Above spectrograms illustrate this for the PCM1804 chip, once a champion among analogue to digital convertors. Shown are the noise floor and harmonic distortion for an input signal of 1kHz at -60dBFS. Sample rate, from left to right: 48kHz, 96kHz, and 192kHz. Observe the mountain of noise above 48kHz in the 192kHz sampling case. (Note that the rising noise floor below 48kHz is mostly an artefact of the FFT algorithm, as the bin size increases here with rising sample rate.)
So back to 88.2kHz and 96kHz for recording LPs. One benefit of using 2x rate, even when targetting a CD, is that this way the ADC's anti-alias filter cuts at 44.1kHz or 48kHz, and not at 22 or 24kHz. ADC filters are part of the silicon chip, and thus are often made for economy rather than performance. Having them out of harm's way enables one to use a superior software-based resampler while later converting the data to 44.1kHz for release on disc.

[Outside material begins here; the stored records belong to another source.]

lemma sum_sq_gram_mask_le:
  fixes s :: "nat \<Rightarrow> nat \<Rightarrow> real"
  assumes mono: "\<And>r i j. K r i \<Longrightarrow> i \<le> j \<Longrightarrow> K r j"
  defines "t \<equiv> \<lambda>r j. if K r j then s r j else 0"
  shows "(\<Sum>i<m. \<Sum>j<m. (\<Sum>r<N. t r i * t r j)\<^sup>2)
    \<le> 4 * (\<Sum>i<m. \<Sum>j<m. (\<Sum>r<N. s r i * s r j)\<^sup>2)"
    (is "?X \<le> 4 * ?Y")
proof -
  define H where "H i j = (\<Sum>r<N. t r i * s r j)" for i j
  define Z where "Z = (\<Sum>i<m. \<Sum>j<m. (H i j)\<^sup>2)"
  have upper: "(\<Sum>r<N. t r i * t r j) = H i j" if "i \<le> j" for i j
    unfolding H_def t_def by (rule sum.cong) (use mono that in auto)
  have "(\<Sum>r<N. t r i * t r j)\<^sup>2 \<le> (H i j)\<^sup>2 + (H j i)\<^sup>2" for i j
    using upper[of i j] upper[of j i] by (cases "i \<le> j") (simp_all add: mult.commute)
  then have "?X \<le> (\<Sum>i<m. \<Sum>j<m. (H i j)\<^sup>2 + (H j i)\<^sup>2)"
    by (intro sum_mono)
  also have "\<dots> = 2 * Z"
    unfolding Z_def sum.distrib by (subst (2) sum.swap) simp
  finally have X_le: "?X \<le> 2 * Z" .
  define Pt where "Pt a b = (\<Sum>i<m. t a i * t b i)" for a b
  define Ps where "Ps a b = (\<Sum>i<m. s a i * s b i)" for a b
  have "Pt a b * Ps a b \<le> (Pt a b)\<^sup>2 / 4 + (Ps a b)\<^sup>2" for a b
    using zero_le_power2[of "Pt a b / 2 - Ps a b"] by (simp add: power2_eq_square algebra_simps)
  then have "Z \<le> (\<Sum>a<N. \<Sum>b<N. (Pt a b)\<^sup>2 / 4 + (Ps a b)\<^sup>2)"
    unfolding Z_def H_def sum_sq_cross_gram Pt_def[symmetric] Ps_def[symmetric] by (intro sum_mono)
  also have "\<dots> = ?X / 4 + ?Y"
    unfolding sum_sq_cross_gram Pt_def Ps_def by (simp add: sum.distrib sum_divide_distrib power2_eq_square)
  finally show ?thesis using X_le by linarith
qed

lemma schatten_4_mask_mat_le:
  assumes S: "S \<in> carrier_mat k m" and mono: "\<And>r i j. K r i \<Longrightarrow> i \<le> j \<Longrightarrow> K r j"
  shows "schatten 4 (mask_mat K S) \<le> sqrt 2 * schatten 4 S"
proof -
  let ?T = "mask_mat K S"
  have T: "?T \<in> carrier_mat k m" using S by simp
  have "schatten 4 ?T ^ 4
      = (\<Sum>i<m. \<Sum>j<m. (\<Sum>r<k. (if K r i then S $$ (r, i) else 0)
                              * (if K r j then S $$ (r, j) else 0))\<^sup>2)"
    using S by (simp add: schatten_4_pow4[OF T] gram_index[OF T] del: index_mult_mat)
  also have "\<dots> \<le> 4 * schatten 4 S ^ 4"
    using sum_sq_gram_mask_le[OF mono, where s = "\<lambda>r j. S $$ (r, j)" and m = m and N = k]
    by (simp add: schatten_4_pow4[OF S] gram_index[OF S])
  also have "\<dots> = (sqrt 2 * schatten 4 S) ^ 4"
    using power_mult[of "sqrt 2" 2 2] by (simp add: power_mult_distrib)
  finally show ?thesis
    using schatten_nonneg[of 4] by simp
qed

section \<open>Block structures\<close>

lemma block_structure_le:
  assumes bs: "block_structure ns m n" and "i < j" and "j \<le> m"
  shows "ns (Suc i) \<le> ns j"
  using assms(2,3)
proof (induction j)
  case (Suc j)
  have "ns j < ns (Suc j)" using bs Suc.prems unfolding block_structure_def by simp
  with Suc show ?case by (cases "i = j") auto
qed simp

Another objective reason for choosing 2x is that most digital post-processing just works better in a wider frequency space. Minimum-phase digital equalizer software, as used in Audition, operates as a transform of its analogue counterpart. This yields something similar as the equivalent analogue filter, but with a subtle difference: in the discrete sampled domain half the sample frequency takes on the same properties that an infinitely high frequency has in the continuous domain. As a result the digital filter response deviates progressively with frequency from its analogue target function. This deviation can be compensated for in software, a method called filter warping, but this is not always done. Hence it is safe to assume that filters may work better at an elevated sample rate.

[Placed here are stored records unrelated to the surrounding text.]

lemma lor_Re_Wv:
  "lor (\<lambda>k. if k < 4 then 2 * Re (m * Wv x y k) else 0) (\<lambda>k. if k < 4 then 2 * Re (m * Wv x y k) else 0)
   = 4 * ((Re m)\<^sup>2 + (Im m)\<^sup>2) * ((Re x * Re y + Im x * Im y - 1)\<^sup>2 + (Im x * Re y - Re x * Im y)\<^sup>2)"
  unfolding lor_def Wv_def vec4_def by (simp add: algebra_simps power2_eq_square)

lemma lor_Im_Wv:
  "lor (\<lambda>k. if k < 4 then - 2 * Im (m * Wv x y k) else 0) (\<lambda>k. if k < 4 then - 2 * Im (m * Wv x y k) else 0)
   = 4 * ((Re m)\<^sup>2 + (Im m)\<^sup>2) * ((Re x * Re y + Im x * Im y - 1)\<^sup>2 + (Im x * Re y - Re x * Im y)\<^sup>2)"
  unfolding lor_def Wv_def vec4_def by (simp add: algebra_simps power2_eq_square)

lemma lor_Re_Im_Wv:
  "lor (\<lambda>k. if k < 4 then 2 * Re (m * Wv x y k) else 0) (\<lambda>k. if k < 4 then - 2 * Im (m * Wv x y k) else 0) = 0"
  unfolding lor_def Wv_def vec4_def by (simp add: algebra_simps power2_eq_square)

definition conformal_factor :: "real \<Rightarrow> (complex \<Rightarrow> complex) \<Rightarrow> (complex \<Rightarrow> complex) \<Rightarrow> complex \<Rightarrow> real" where
  "conformal_factor c \<mu> a z = 4 * sqnorm \<mu> z * (1 - 2 * c * sqnorm a z + (sqnorm a z)\<^sup>2)"

lemma theta_family_first_fundamental_form:
  fixes \<theta> :: real and P :: "nat \<Rightarrow> real"
  assumes "open U" "simply_connected U" "w0 \<in> U" "z \<in> U"
    and "a holomorphic_on U" "\<mu> holomorphic_on U"
  defines "f \<equiv> theta_family U w0 P a \<mu> \<theta>"
  shows "lor (dxv f z) (dxv f z) = conformal_factor (cos \<theta>) \<mu> a z"
    and "lor (dyv f z) (dyv f z) = conformal_factor (cos \<theta>) \<mu> a z"
    and "lor (dxv f z) (dyv f z) = 0"
proof -
  define e where "e = exp (\<i> * of_real \<theta>)"
  have e: "Re e = cos \<theta>" "(Re e)\<^sup>2 + (Im e)\<^sup>2 = 1"
    unfolding e_def by (simp_all add: Re_exp Im_exp)
  have "(Re x * Re (e * x) + Im x * Im (e * x) - 1)\<^sup>2 + (Im x * Re (e * x) - Re x * Im (e * x))\<^sup>2
      = 1 - 2 * Re e * ((Re x)\<^sup>2 + (Im x)\<^sup>2) + ((Re x)\<^sup>2 + (Im x)\<^sup>2)\<^sup>2" for x
    using e(2) by (simp add: algebra_simps power2_eq_square) algebra
  then show "lor (dxv f z) (dxv f z) = conformal_factor (cos \<theta>) \<mu> a z"
    and "lor (dyv f z) (dyv f z) = conformal_factor (cos \<theta>) \<mu> a z"
    and "lor (dxv f z) (dyv f z) = 0"
    unfolding f_def dxv_theta_family[OF assms(1-6)] dyv_theta_family[OF assms(1-6)]
      lor_Re_Wv lor_Im_Wv lor_Re_Im_Wv conformal_factor_def sqnorm_def e_def[symmetric] e(1)
    by simp_all
qed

Yet another argument for using higher sampling rates is that any non-linear operation executed in the digital domain insiduously violates the sampling theorem: a non-linearity generates harmonics and intermodulation products, and some of these products exceed half the sampling rate and thus alias irrevocably back into the audible band. Avoiding this requires alias-aware processing software, which is rare. And so the second line of defense is, again, working at a higher sample rate. This is even advised when doing only seemingly-linear operations, such as gain change and equalization. Indeed, in the quantised domain no operation is truly linear: rounding and truncation due to limited numerical accuracy are non-linear in nature and the errors so injected will be multiplied by aliasing. This phenomenon is often not known or understood by designers and users of signal processing software alike, but in my opinion it may well be one of the main reasons why modern digital productions are often thought to sound bad, and also why high-res recordings subjective are preferred over standard resolution!

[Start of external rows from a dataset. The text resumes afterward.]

theorem dissipative_iff_psd_storage:
  assumes q: "0 < q" and Bh: "linear_shift_invariant q Bh"
  shows "dissipative q Bh Phi \<longleftrightarrow>
         (\<exists>Psi. is_QDF_coeff q Psi \<and> psd_mat Psi \<and>
            (\<forall>w \<in> Bh. \<forall>t. QDF q (nabla q Psi) w t \<le> QDF q Phi w t))"
proof
  assume "dissipative q Bh Phi"
  then obtain Psi N where Psi: "Psi \<in> carrier_mat (N * q) (N * q)" "sym_mat Psi"
    and nonneg: "\<forall>w \<in> Bh. \<forall>t. 0 \<le> QDF q Psi w t"
    and dissipation: "\<forall>w \<in> Bh. \<forall>t. QDF q (nabla q Psi) w t \<le> QDF q Phi w t"
    by (auto simp: dissipative_def is_QDF_coeff_def)
  obtain Psi' where Psi': "Psi' \<in> carrier_mat (N * q) (N * q)" "sym_mat Psi'" "psd_mat Psi'"
    and agree: "\<And>w t. w \<in> Bh \<Longrightarrow> QDF q Psi' w t = QDF q Psi w t"
    using nonneg_QDF_psd_representative[OF q Bh Psi nonneg] by blast
  have "QDF q (nabla q Psi') w t = QDF q (nabla q Psi) w t" if "w \<in> Bh" for w t
    using that agree by (simp add: QDF_nabla[OF q Psi(1)] QDF_nabla[OF q Psi'(1)])
  then show "\<exists>Psi. is_QDF_coeff q Psi \<and> psd_mat Psi \<and>
      (\<forall>w \<in> Bh. \<forall>t. QDF q (nabla q Psi) w t \<le> QDF q Phi w t)"
    using Psi' dissipation by (auto simp: is_QDF_coeff_def)
next
  assume "\<exists>Psi. is_QDF_coeff q Psi \<and> psd_mat Psi \<and>
      (\<forall>w \<in> Bh. \<forall>t. QDF q (nabla q Psi) w t \<le> QDF q Phi w t)"
  then show "dissipative q Bh Phi"
    using psd_imp_QDF_nonneg[OF q] by (auto simp: dissipative_def is_QDF_coeff_def)
qed

lemma vec_first_add: "a \<in> carrier_vec (m + p) \<Longrightarrow> b \<in> carrier_vec (m + p) \<Longrightarrow>
    vec_first (a + b) m = vec_first a m + vec_first b m"
  by (intro eq_vecI) (auto simp: vec_first_def)

lemma vec_last_add: "a \<in> carrier_vec (m + p) \<Longrightarrow> b \<in> carrier_vec (m + p) \<Longrightarrow>
    vec_last (a + b) p = vec_last a p + vec_last b p"
  by (intro eq_vecI) (auto simp: vec_last_def)

lemma vec_first_smult: "a \<in> carrier_vec (m + p) \<Longrightarrow> vec_first (c \<cdot>\<^sub>v a) m = c \<cdot>\<^sub>v vec_first a m"
  by (intro eq_vecI) (auto simp: vec_first_def)

lemma vec_last_smult: "a \<in> carrier_vec (m + p) \<Longrightarrow> vec_last (c \<cdot>\<^sub>v a) p = c \<cdot>\<^sub>v vec_last a p"
  by (intro eq_vecI) (auto simp: vec_last_def)

lemma mult_mat_vec_pair_add:
  assumes "F \<in> carrier_mat k n" "G \<in> carrier_mat k m"
    and "x1 \<in> carrier_vec n" "x2 \<in> carrier_vec n" "u1 \<in> carrier_vec m" "u2 \<in> carrier_vec m"
  shows "F *\<^sub>v (x1 + x2) + G *\<^sub>v (u1 + u2) = (F *\<^sub>v x1 + G *\<^sub>v u1) + (F *\<^sub>v x2 + G *\<^sub>v u2)"
  using assms
  by (intro eq_vecI) (auto simp: scalar_prod_add_distrib[of _ n] scalar_prod_add_distrib[of _ m] ac_simps)

lemma mult_mat_vec_pair_smult:
  fixes F G :: "'a :: field mat"
  assumes "F \<in> carrier_mat k n" "G \<in> carrier_mat k m" "x \<in> carrier_vec n" "u \<in> carrier_vec m"
  shows "F *\<^sub>v (c \<cdot>\<^sub>v x) + G *\<^sub>v (c \<cdot>\<^sub>v u) = c \<cdot>\<^sub>v (F *\<^sub>v x + G *\<^sub>v u)"
  using assms
  by (simp add: mult_mat_vec[of F k n] mult_mat_vec[of G k m] smult_add_distrib_vec[of _ k])

context
  fixes m p n :: nat and A B C D :: "real mat"
  assumes A: "A \<in> carrier_mat n n" and B: "B \<in> carrier_mat n m"
    and C: "C \<in> carrier_mat p n" and D: "D \<in> carrier_mat p m"
begin

definition iso_trajectory :: "(nat \<Rightarrow> real vec) \<Rightarrow> (nat \<Rightarrow> real vec) \<Rightarrow> bool" where
  "iso_trajectory w x \<longleftrightarrow> (\<forall>t. w t \<in> carrier_vec (m + p) \<and> x t \<in> carrier_vec n \<and>
     x (Suc t) = A *\<^sub>v x t + B *\<^sub>v vec_first (w t) m \<and>
     vec_last (w t) p = C *\<^sub>v x t + D *\<^sub>v vec_first (w t) m)"

lemma iso_behavior_iff_trajectory:
  "w \<in> iso_behavior m p n A B C D \<longleftrightarrow> (\<exists>x. iso_trajectory w x)"
  by (auto simp: iso_behavior_def iso_trajectory_def)

lemma iso_trajectory_zero: "iso_trajectory (\<lambda>t. 0\<^sub>v (m + p)) (\<lambda>t. 0\<^sub>v n)"
  using A B C D
  by (auto simp: iso_trajectory_def vec_first_def vec_last_def scalar_prod_def intro!: eq_vecI)

lemma iso_trajectory_add:
  assumes "iso_trajectory w1 x1" "iso_trajectory w2 x2"
  shows "iso_trajectory (\<lambda>t. w1 t + w2 t) (\<lambda>t. x1 t + x2 t)"
  unfolding iso_trajectory_def
proof
  fix t
  have w: "w1 t \<in> carrier_vec (m + p)" "w2 t \<in> carrier_vec (m + p)"
    and x: "x1 t \<in> carrier_vec n" "x2 t \<in> carrier_vec n"
    using assms by (auto simp: iso_trajectory_def)
  then show "w1 t + w2 t \<in> carrier_vec (m + p) \<and> x1 t + x2 t \<in> carrier_vec n \<and>
      x1 (Suc t) + x2 (Suc t) = A *\<^sub>v (x1 t + x2 t) + B *\<^sub>v vec_first (w1 t + w2 t) m \<and>
      vec_last (w1 t + w2 t) p = C *\<^sub>v (x1 t + x2 t) + D *\<^sub>v vec_first (w1 t + w2 t) m"
    using assms by (simp add: iso_trajectory_def vec_first_add[OF w] vec_last_add[OF w]
        mult_mat_vec_pair_add[OF A B] mult_mat_vec_pair_add[OF C D])
qed

lemma iso_trajectory_smult:
  assumes "iso_trajectory w x"
  shows "iso_trajectory (\<lambda>t. c \<cdot>\<^sub>v w t) (\<lambda>t. c \<cdot>\<^sub>v x t)"
  unfolding iso_trajectory_def
proof
  fix t
  have w: "w t \<in> carrier_vec (m + p)" and x: "x t \<in> carrier_vec n"
    using assms by (auto simp: iso_trajectory_def)
  then show "c \<cdot>\<^sub>v w t \<in> carrier_vec (m + p) \<and> c \<cdot>\<^sub>v x t \<in> carrier_vec n \<and>
      c \<cdot>\<^sub>v x (Suc t) = A *\<^sub>v (c \<cdot>\<^sub>v x t) + B *\<^sub>v vec_first (c \<cdot>\<^sub>v w t) m \<and>
      vec_last (c \<cdot>\<^sub>v w t) p = C *\<^sub>v (c \<cdot>\<^sub>v x t) + D *\<^sub>v vec_first (c \<cdot>\<^sub>v w t) m"
    using assms by (simp add: iso_trajectory_def vec_first_smult[OF w] vec_last_smult[OF w]
        mult_mat_vec_pair_smult[OF A B] mult_mat_vec_pair_smult[OF C D])
qed
(* Let $L^{(2)}_N$ be the number of leaves of the $B$-tree of order $5$ (i.e. $m=2$) obtained by inserting the keys $\pi(1),\dots,\pi(N)$ successively into an empty tree, where $\pi$ is a uniformly random permutation in $S_N$. Then \[ \mathbb E\big(L^{(2)}_N\big)=\frac{10(N+1)}{37}+O\big(N^{-13/2}\big)\qquad (N\to\infty). \]
   Context: A $B$-tree of order $2m+1$ is a rooted plane search tree whose nodes contain pairwise distinct keys in increasing left-to-right order (a non-leaf node with $k$ keys has $k+1$ children), every non-root node has between $m$ and $2m$ keys, the root between $1$ and $2m$, and all leaves have equal depth. Insertion: place the new key in the appropriate leaf; whenever a node has $2m+1$ keys, split it, moving the median key up into the parent and forming two nodes from the $m$ smallest and the $m$ largest keys (creating a new one-key root if the root splits). *)

theory Defs
  imports Main "HOL-Library.Landau_Symbols" "HOL-Combinatorics.Permutations"
begin

text \<open>B-trees: a node carries its sorted key list and its list of children
  (empty list of children = leaf).\<close>
datatype 'a btree = BNode "'a list" "'a btree list"

text \<open>Result of inserting into a subtree: either a single node, or a node that
  overflowed and was split into (left part, median key, right part).\<close>
datatype 'a ins_res = Keep "'a btree" | Split "'a btree" 'a "'a btree"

This still leaves us one choice to make: 88.2k or 96k for recording? If the result is going to be a CD, a DVD-A, or a file (whether high-res or MP3) then stick to 88.2kHz as this allows for a near-transparent reduction to 44.1kHz, even when the sample rate convertor is not top-notch. This said, I would advise against DVD-A itself, as the format is essentially dead and the availability of future replay transports is not guaranteed. Further, once written it is near-impossible to extract the audio data again from a DVD-A, something that would come in handy in case the original files get lost.
Am I questioning here the analogue descent of the LP?
Oh, yes. Nothing is what it seems.
You see, while many consider the record album the quintessential analogue medium, it all to often is not. Since the late 80s many an LP was recorded, mixed, or mastered via the digital domain, a feat often proudly proclaimed in the sleeve notes. We all know that.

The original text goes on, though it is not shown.